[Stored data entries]
section \<open>Fields of order 4 ^ m\<close>

locale gf_q_squared =
  fixes m :: nat
  assumes m_pos: "0 < m"
    and card_UNIV: "card (UNIV :: 'a::{field,finite} set) = 2 ^ (2 * m)"
begin

abbreviation q :: nat where "q \<equiv> 2 ^ m"

lemma CHAR_eq_2: "CHAR('a) = 2"
proof -
  have p: "prime CHAR('a)" by (simp add: finite_imp_CHAR_pos prime_CHAR_semidom)
  moreover have "CHAR('a) dvd 2 ^ (2 * m)" using CHAR_dvd_CARD card_UNIV by metis
  ultimately have "CHAR('a) dvd 2" using prime_dvd_power by blast
  then show ?thesis using p by (simp add: primes_dvd_imp_eq)
qed

lemma add_self [simp]: "x + x = (0::'a)"
  using uminus_CHAR_2[OF CHAR_eq_2, of x] by (metis add.right_inverse)

lemma two_eq_0 [simp]: "(2::'a) = 0"
  using add_self[of 1] by (simp only: one_add_one)

lemma minus_eq_add: "x - y = x + (y::'a)"
  by (rule minus_CHAR_2[OF CHAR_eq_2])

lemma add_eq_0_iff_eq: "x + y = 0 \<longleftrightarrow> x = (y::'a)"
  by (simp only: minus_eq_add[symmetric] right_minus_eq)

lemma frobenius_add: "(x + y) ^ 2 ^ k = x ^ 2 ^ k + (y::'a) ^ 2 ^ k"
  by (rule freshmans_dream') (simp_all add: CHAR_eq_2)

lemma frobenius_sum: "(\<Sum>i\<in>I. f i) ^ 2 ^ k = (\<Sum>i\<in>I. (f i :: 'a) ^ 2 ^ k)"
  by (rule freshmans_dream_sum') (simp_all add: CHAR_eq_2)

lemma q_gt_1: "1 < q"
  using one_less_power[of "2::nat" m] m_pos by simp

lemma power_q_q: "(x ^ q) ^ q = (x::'a)"
  using field_power_card_UNIV[of x] by (simp add: card_UNIV mult_2 power_add flip: power_mult)

definition Fq :: "'a set" where "Fq = {z. z ^ q = z}"

lemma Fq_zero [simp]: "0 \<in> Fq"
  by (simp add: Fq_def)

lemma Fq_one [simp]: "1 \<in> Fq"
  by (simp add: Fq_def)

lemma Fq_add: "x \<in> Fq \<Longrightarrow> y \<in> Fq \<Longrightarrow> x + y \<in> Fq"
  by (simp add: Fq_def frobenius_add)

lemma Fq_mult: "x \<in> Fq \<Longrightarrow> y \<in> Fq \<Longrightarrow> x * y \<in> Fq"
  by (simp add: Fq_def power_mult_distrib)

WHAT TO PRODUCE ▸
Only the number of lines in the data that hold "rule" should be stated.

EXERCISE OUTPUT ▸
3